A Pega deployment includes processes that prepare a split-schema configuration in which Pega rules and data objects reside on separate schemas. The process copies the Pega software into your rules schema. Pega provides separate Docker images to run a Tomcat-based web application, a backing service that runs Elasticsearch-based searches, and a Hazelcast cluster.
Pega-provided Docker images overview
After you obtain the required access download the required Pega Docker images from the Pega host site.
List of the Pega-provided Docker images:
Image Name | Description | Version details |
platform/pega | Deploys Pega Platform with its customized version of the Tomcat application server. | Pega provides a pega
Docker image for minor versions and patch versions of Pega Platform. To stay current with Pega releases, use the latest available
image. |
platform/installer | A utility image Pega provides to install or update the Pega-specific rules and database tables in the “Pega” database that you have configured for your deployment. | Pega provides a
pega-installer image for minor versions and patch
versions of Pega Platform. To stay current with
Pega releases, use the latest
available installer image to install or update your Pega software. |
platform-services/search-n-reporting-service | Deploys a cluster that runs search and reporting functions on
dedicated, backing service nodes. This Docker image contains Pega Search and Reporting Services (SRS),
with which you optimize Elasticsearch processing in your Pega deployment. Pega Platform version 8.6 and later support the backing service feature that runs independently of your web server nodes. For an overview of setting up SRS-based search in Pega Platform and using Indexed classes for SRS, see the appropriate section in Using full-text search based in Elasticsearch. | Pega provides SRS Docker image versions starting at 1.12.0; Pega certified these images against Elasticsearch versions 7.10.2 and 7.16.3. To stay current with Pega releases, use the latest available SRS image--1.17.10 or later. |
platform/clustering-service | Deploys the required clustering service, Hazelcast for the caching
capabilities in Pega Infinity as a backing service. This Docker image
contains the Hazelcast clustering Service. Pega Platform versions 8.6 and later support the client-server Hazelcast model. This model supersedes the embedded deployment, which is deprecated in 8.7 and later and do not use the embedded model for new deployments. | To stay current with Pega releases, use the latest available a Hazelcast service Docker Image that is tagged with version 1.0.3 or later. |
Determining which Dockers images to use for your deployment
Pega uses a standard naming practice of
hostname/product/image:tag
.
When you choose a Pega Platform version for your downloaded Docker
images, use the same version tag for each of the images that you download. For the
platform/installer/image:tag
image, the :tag
represents the version of Pega that you want to install. For example, the tag
:8.7.1
installs Pega Platform version
8.7.1.
For platform/pega
and platform/search
images,
Pega also offers an image with a version tag
appended with a date stamp that uses the pattern
pegaVersion-YYYYMMDD
to indicate the version and the date when
Pega built the image. For example, if you pull
the platform/pega
that has the tag
pega:8.5.1-20201026
, it indicates that Pega built this 8.5.1 image on October 26, 2020. Using
the version tag without the date stamp points to the most recently built image for
that version.
The date stamp confirms that the image you download includes the changes that Pega engineering commits to the repository by using pull requests that have the date stamp date. While Pega builds the most current patch version of each minor release once daily, Pega makes the last five daily-built images available for client downloads. After Pega releases a new patch version, the prior patch version no longer receives daily builds with a date stamp tag.
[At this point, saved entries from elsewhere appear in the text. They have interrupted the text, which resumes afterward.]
(* For every finite zero-set $\mathcal Z$ there exists a time $T_{\max}=T_{\max}(\mathcal Z)$ such that for every set $A\subseteq\mathbb Z_+^2$ (not necessarily finite), $\mathcal T^{T_{\max}+1}(A)=\mathcal T^{T_{\max}}(A)$.
   Context: $\mathbb Z_+=\{0,1,2,\dots\}$, $R_{a,b}=([0,a-1]\times[0,b-1])\cap\mathbb Z_+^2$; a zero-set is a set $\mathcal Z\subseteq\mathbb Z_+^2$ that is a union of such rectangles. For $A\subseteq\mathbb Z_+^2$ and $x\in\mathbb Z_+^2$, $\mathrm{row}(x,A)$ (resp. $\mathrm{col}(x,A)$) is the (possibly infinite) number of points of $A$ on the horizontal (resp. vertical) line through $x$, and $\mathcal T(A)=A\cup\{x\notin A:(\mathrm{row}(x,A),\mathrm{col}(x,A))\notin\mathcal Z\}$ (a pair with an infinite coordinate is never in $\mathcal Z$). *)

theory Defs
  imports Main "HOL-Library.Extended_Nat"
begin

type_synonym point = "nat \<times> nat"

definition rect :: "nat \<Rightarrow> nat \<Rightarrow> point set" where
  "rect a b = {(i, j). i < a \<and> j < b}"

definition zero_set :: "point set \<Rightarrow> bool" where
  "zero_set Z \<longleftrightarrow> (\<exists>S. Z = (\<Union>(a, b)\<in>S. rect a b))"

definition ecount :: "'a set \<Rightarrow> enat" where
  "ecount S = (if finite S then enat (card S) else \<infinity>)"

definition row :: "point \<Rightarrow> point set \<Rightarrow> enat" where
  "row x A = ecount {y \<in> A. snd y = snd x}"

definition col :: "point \<Rightarrow> point set \<Rightarrow> enat" where
  "col x A = ecount {y \<in> A. fst y = fst x}"

text \<open>A pair with an infinite coordinate is never in Z.\<close>
definition in_zero :: "point set \<Rightarrow> enat \<Rightarrow> enat \<Rightarrow> bool" where
  "in_zero Z r c \<longleftrightarrow> (\<exists>a b. r = enat a \<and> c = enat b \<and> (a, b) \<in> Z)"

definition T_step :: "point set \<Rightarrow> point set \<Rightarrow> point set" where
  "T_step Z A = A \<union> {x. x \<notin> A \<and> \<not> in_zero Z (row x A) (col x A)}"

end

theory Submission
  imports Defs
begin

text \<open>
  Let every element of the finite, downward closed set \<open>Z\<close> have both coordinates below \<open>m\<close>.
  A line with at least \<open>m\<close> points is saturated: one step fills it completely.
  If there are \<open>m\<close> saturated rows (or columns), one step saturates every column (row), and
  the next step fills the whole quadrant. Otherwise a step that changes no saturated or full line
  can only add points in columns that are free with respect to a row of maximal unsaturated count,
  and in rows free with respect to a column of maximal unsaturated count; there are fewer than
  \<open>m\<close> of each. So the lexicographically ordered triple (number of saturated and full lines,
  number of free lines, number of points in the free rectangle) strictly increases at every
  non-stationary step, and it takes boundedly many values depending only on \<open>m\<close>.
\<close>

lemma funpow_fixpoint_of_bounded_potential:
  fixes f :: "'a \<Rightarrow> 'a" and \<phi> :: "'a \<Rightarrow> nat"
  assumes increase: "\<And>x. f x \<noteq> x \<Longrightarrow> \<phi> x < \<phi> (f x)" and bounded: "\<And>x. \<phi> x \<le> N"
  shows "(f ^^ Suc N) x = (f ^^ N) x"
proof -
  obtain t where t: "t \<le> N" "f ((f ^^ t) x) = (f ^^ t) x"
  proof (rule ccontr)
    assume "\<not> thesis"
    with that have moving: "t \<le> N \<Longrightarrow> f ((f ^^ t) x) \<noteq> (f ^^ t) x" for t by blast
    have "t \<le> Suc N \<Longrightarrow> t \<le> \<phi> ((f ^^ t) x)" for t
    proof (induction t)
      case (Suc t)
      with increase[OF moving] show ?case by fastforce
    qed simp
    from this[of "Suc N"] bounded show False by (metis not_less_eq_eq order_refl order_trans)
  qed
  have "(f ^^ (k + t)) x = (f ^^ t) x" for k
    using t(2) by (induction k) auto
  from this[of "Suc N - t"] this[of "N - t"] t(1) show ?thesis by (simp add: Suc_diff_le)
qed

lemma lex_encode_less:
  fixes a b a' b' K :: nat
  assumes "b < K" and "a < a' \<or> a = a' \<and> b < b'"
  shows "a * K + b < a' * K + b'"
proof (cases "a < a'")
  case True
  then have "a * K + K \<le> a' * K" using mult_le_mono1[of "Suc a" a' K] by simp
  with assms(1) show ?thesis by linarith
qed (use assms in auto)

lemma lex_encode_bound:
  fixes a b N K :: nat
  assumes "a < N" and "b < K"
  shows "a * K + b < N * K"
  using lex_encode_less[OF assms(2), of a N 0] assms(1) by simp

lemma ecount_mono: "S \<subseteq> S' \<Longrightarrow> ecount S \<le> ecount S'"
  unfolding ecount_def by (auto intro: card_mono dest: finite_subset)

lemma ecount_image: "inj_on f S \<Longrightarrow> ecount (f ` S) = ecount S"
  unfolding ecount_def by (simp add: card_image finite_image_iff)

lemma ecount_less_enat_iff: "ecount S < enat n \<longleftrightarrow> finite S \<and> card S < n"
  unfolding ecount_def by auto

lemma ecount_infinite: "infinite S \<Longrightarrow> ecount S = \<infinity>"
  unfolding ecount_def by simp

definition row_count :: "point set \<Rightarrow> nat \<Rightarrow> enat" where
  "row_count A j = ecount {y \<in> A. snd y = j}"

definition col_count :: "point set \<Rightarrow> nat \<Rightarrow> enat" where
  "col_count A i = ecount {y \<in> A. fst y = i}"

definition full_rows :: "point set \<Rightarrow> nat set" where
  "full_rows A = {j. \<forall>i. (i, j) \<in> A}"

definition full_cols :: "point set \<Rightarrow> nat set" where
  "full_cols A = {i. \<forall>j. (i, j) \<in> A}"

lemma T_step_iff: "x \<in> T_step Z A \<longleftrightarrow> x \<in> A \<or> \<not> in_zero Z (row_count A (snd x)) (col_count A (fst x))"
  unfolding T_step_def row_def col_def row_count_def col_count_def by auto

lemma subset_T_step: "A \<subseteq> T_step Z A"
  unfolding T_step_def by auto

lemma row_count_mono: "A \<subseteq> A' \<Longrightarrow> row_count A j \<le> row_count A' j"
  unfolding row_count_def by (rule ecount_mono) auto

lemma col_count_mono: "A \<subseteq> A' \<Longrightarrow> col_count A i \<le> col_count A' i"
  unfolding col_count_def by (rule ecount_mono) auto

lemma ecount_le_row_count:
  assumes "(\<lambda>i. (i, j)) ` W \<subseteq> A"
  shows "ecount W \<le> row_count A j"
proof -
  have "ecount ((\<lambda>i. (i, j)) ` W) \<le> ecount {y \<in> A. snd y = j}"
    using assms by (intro ecount_mono) auto
  then show ?thesis by (simp add: ecount_image inj_on_def row_count_def)
qed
For Pega Platform 8.6 and later, Pega supports a new client-server deployment model using
a cluster of nodes running Hazelcast as server, to which the Pega nodes connect as a client. This new client-server
deployment model improves the stability for Pega Platform
deployments that use a large number of nodes because it introduces independent
scalability for both servers and clients in Pega Platform.
Because of the inherent stability and scalability of this model, clients deploying
Pega Platform 8.6 and later should adopt this client-server
model using Hazelcast. Future Pega Platform releases will not
support embedded Hazelcast deployments. To deploy Pega Platform
and Hazelcast by using this client-server deployment model, download, and then push
the Clustering Service Docker image, platform/clustering-service
,
to your Docker repository, and then reference it with the Hazelcast subchart under
the Pega-specific Helm chart. For the
platform/clustering-service
image, the image tag represents the
version of Clustering Service that you want to install, for example, the
:1.0.3
tag installs clustering-service version 1.0.3.
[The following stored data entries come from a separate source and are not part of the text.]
text \<open>Consecutive children \<open>i\<close> and \<open>i + 1\<close> (mod 6) share the side from the barycenter to a
  vertex or side midpoint of \<open>t\<close>; it is the side \<open>rot (child i t)\<close> of the one and the
  side \<open>rot (rot (child (i + 1) t))\<close> of the other.\<close>

lemma count_in_adjacent_children:
  assumes "tri_orient t > 0" "i < 6" "j = Suc i mod 6"
  shows "count_in X (side_faces k (rot (child i t)))
      \<le> count_in X (side_faces k (rot (rot (child j t))))
        + card (bdry_pairs X (level_faces k (child i t)) (level_faces k (child j t)))"
    and "count_in X (side_faces k (rot (rot (child j t))))
      \<le> count_in X (side_faces k (rot (child i t)))
        + card (bdry_pairs X (level_faces k (child j t)) (level_faces k (child i t)))"
proof -
  let ?s = "rot (child i t)" and ?s' = "rot (rot (child j t))"
  have common: "fst ?s = fst (snd ?s')" "fst (snd ?s) = fst ?s'"
    using less_6_cases[OF assms(2)] assms(3) by (cases t; auto simp: child.simps)+
  have pos: "tri_orient ?s > 0" "tri_orient ?s' > 0"
    using assms(1) tri_orient_child_pos by simp_all
  have "card (bdry_pairs X (side_faces k ?s) (side_faces k ?s'))
      \<le> card (bdry_pairs X (level_faces k (child i t)) (level_faces k (child j t)))"
    "card (bdry_pairs X (side_faces k ?s') (side_faces k ?s))
      \<le> card (bdry_pairs X (level_faces k (child j t)) (level_faces k (child i t)))"
    using side_faces_subset[of k ?s] side_faces_subset[of k ?s']
    by (auto intro!: card_bdry_pairs_mono)
  then show "count_in X (side_faces k ?s)
      \<le> count_in X (side_faces k ?s')
        + card (bdry_pairs X (level_faces k (child i t)) (level_faces k (child j t)))"
    and "count_in X (side_faces k ?s')
      \<le> count_in X (side_faces k ?s)
        + card (bdry_pairs X (level_faces k (child j t)) (level_faces k (child i t)))"
    using count_in_side_le_opposite[OF pos common, of X k]
      count_in_side_le_opposite[OF pos(2,1) common(2)[symmetric] common(1)[symmetric], of X k]
    by linarith+
qed

lemma sum_card_bdry_pairs_children:
  assumes "tri_orient t > 0"
  shows "(\<Sum>(i, j)\<in>{..<6}\<times>{..<6}. card (bdry_pairs X (level_faces k (child i t)) (level_faces k (child j t))))
    \<le> card (inner_bdry X (Suc k) t)"
proof -
  let ?I = "{..<6::nat} \<times> {..<6::nat}"
  let ?A = "\<lambda>(i, j). bdry_pairs X (level_faces k (child i t)) (level_faces k (child j t))"
  have "(\<Sum>ij\<in>?I. card (?A ij)) = card (\<Union>ij\<in>?I. ?A ij)"
  proof (rule card_UN_disjoint[symmetric])
    show "\<forall>ij\<in>?I. \<forall>ij'\<in>?I. ij \<noteq> ij' \<longrightarrow> ?A ij \<inter> ?A ij' = {}"
      using level_faces_children_disjoint[OF assms] by (fastforce simp: bdry_pairs_def)
  qed (auto simp: finite_bdry_pairs)
  also have "\<dots> \<le> card (inner_bdry X (Suc k) t)"
    by (intro card_mono finite_bdry_pairs) (auto simp: bdry_pairs_def level_faces_Suc)
  finally show ?thesis by (simp add: case_prod_beta')
qed

lemma sum_card_bdry_pairs_adjacent_le:
  fixes X :: "complex set set" and k :: nat
  assumes "tri_orient t > 0"
  defines "G \<equiv> \<lambda>i j. card (bdry_pairs X (level_faces k (child i t)) (level_faces k (child j t)))"
  shows "G 0 0 + G 1 1 + G 2 2 + G 3 3 + G 4 4 + G 5 5 + G 0 1 + G 1 0 + G 1 2 + G 2 1
    + G 2 3 + G 3 2 + G 3 4 + G 4 3 + G 4 5 + G 5 4 + G 5 0 + G 0 5 \<le> card (inner_bdry X (Suc k) t)"
proof -
  let ?S = "{(0, 0), (1, 1), (2, 2), (3, 3), (4, 4), (5, 5), (0, 1), (1, 0), (1, 2), (2, 1), (2, 3),
    (3, 2), (3, 4), (4, 3), (4, 5), (5, 4), (5, 0), (0, 5)} :: (nat \<times> nat) set"
  have "(\<Sum>(i, j)\<in>?S. G i j) \<le> (\<Sum>(i, j)\<in>{..<6}\<times>{..<6}. G i j)"
    by (rule sum_mono2) auto
  also have "\<dots> \<le> card (inner_bdry X (Suc k) t)"
    using sum_card_bdry_pairs_children[OF assms(1)] by (simp add: G_def)
  finally show ?thesis by simp
qed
The Docker image platform-services/search-n-reporting-service
, used
with the SRS-specific backing sub-charts provides Pega backing services.
For more details, including an overview of how to configure the Pega backing
services, see the readme file in the BackingServices Helm chart. The SRS
subchart deployment provisions the latest generation of search and reporting
capabilities in Pega Platform. This service provides the search
service feature and replaces the previously provided
platform/search
image-based Elasticsearch deployment. The
Docker image tagging format is different for backing services compared to the
Pega Platform images and does not follow the date stamp
pattern. For installing or updating Pega Infinity 8.6, use the
SRS image, 1.17.10 or later.
Requesting access to Pega-provided Docker images
You can request access to the Pega-provided image repository to download the Docker images that Pega Platform deployments require. You must request access credentials to obtain an access key that you use to download Docker images maintained in the Pega site. Pega provides access credentials only to clients that have an appropriate support role in an organization that already works with Pega. Pega partners are not allowed to request an access key on behalf of their customer to obtain the Pega-provided Docker images.
- In the browser of your choice, navigate to Pega Community.From here, request access, and after Pega provides your access key, you can log in to the image repository, and then download your preferred Docker images.
- Log in with your registered credentials.If you have not registered, do so before continuing.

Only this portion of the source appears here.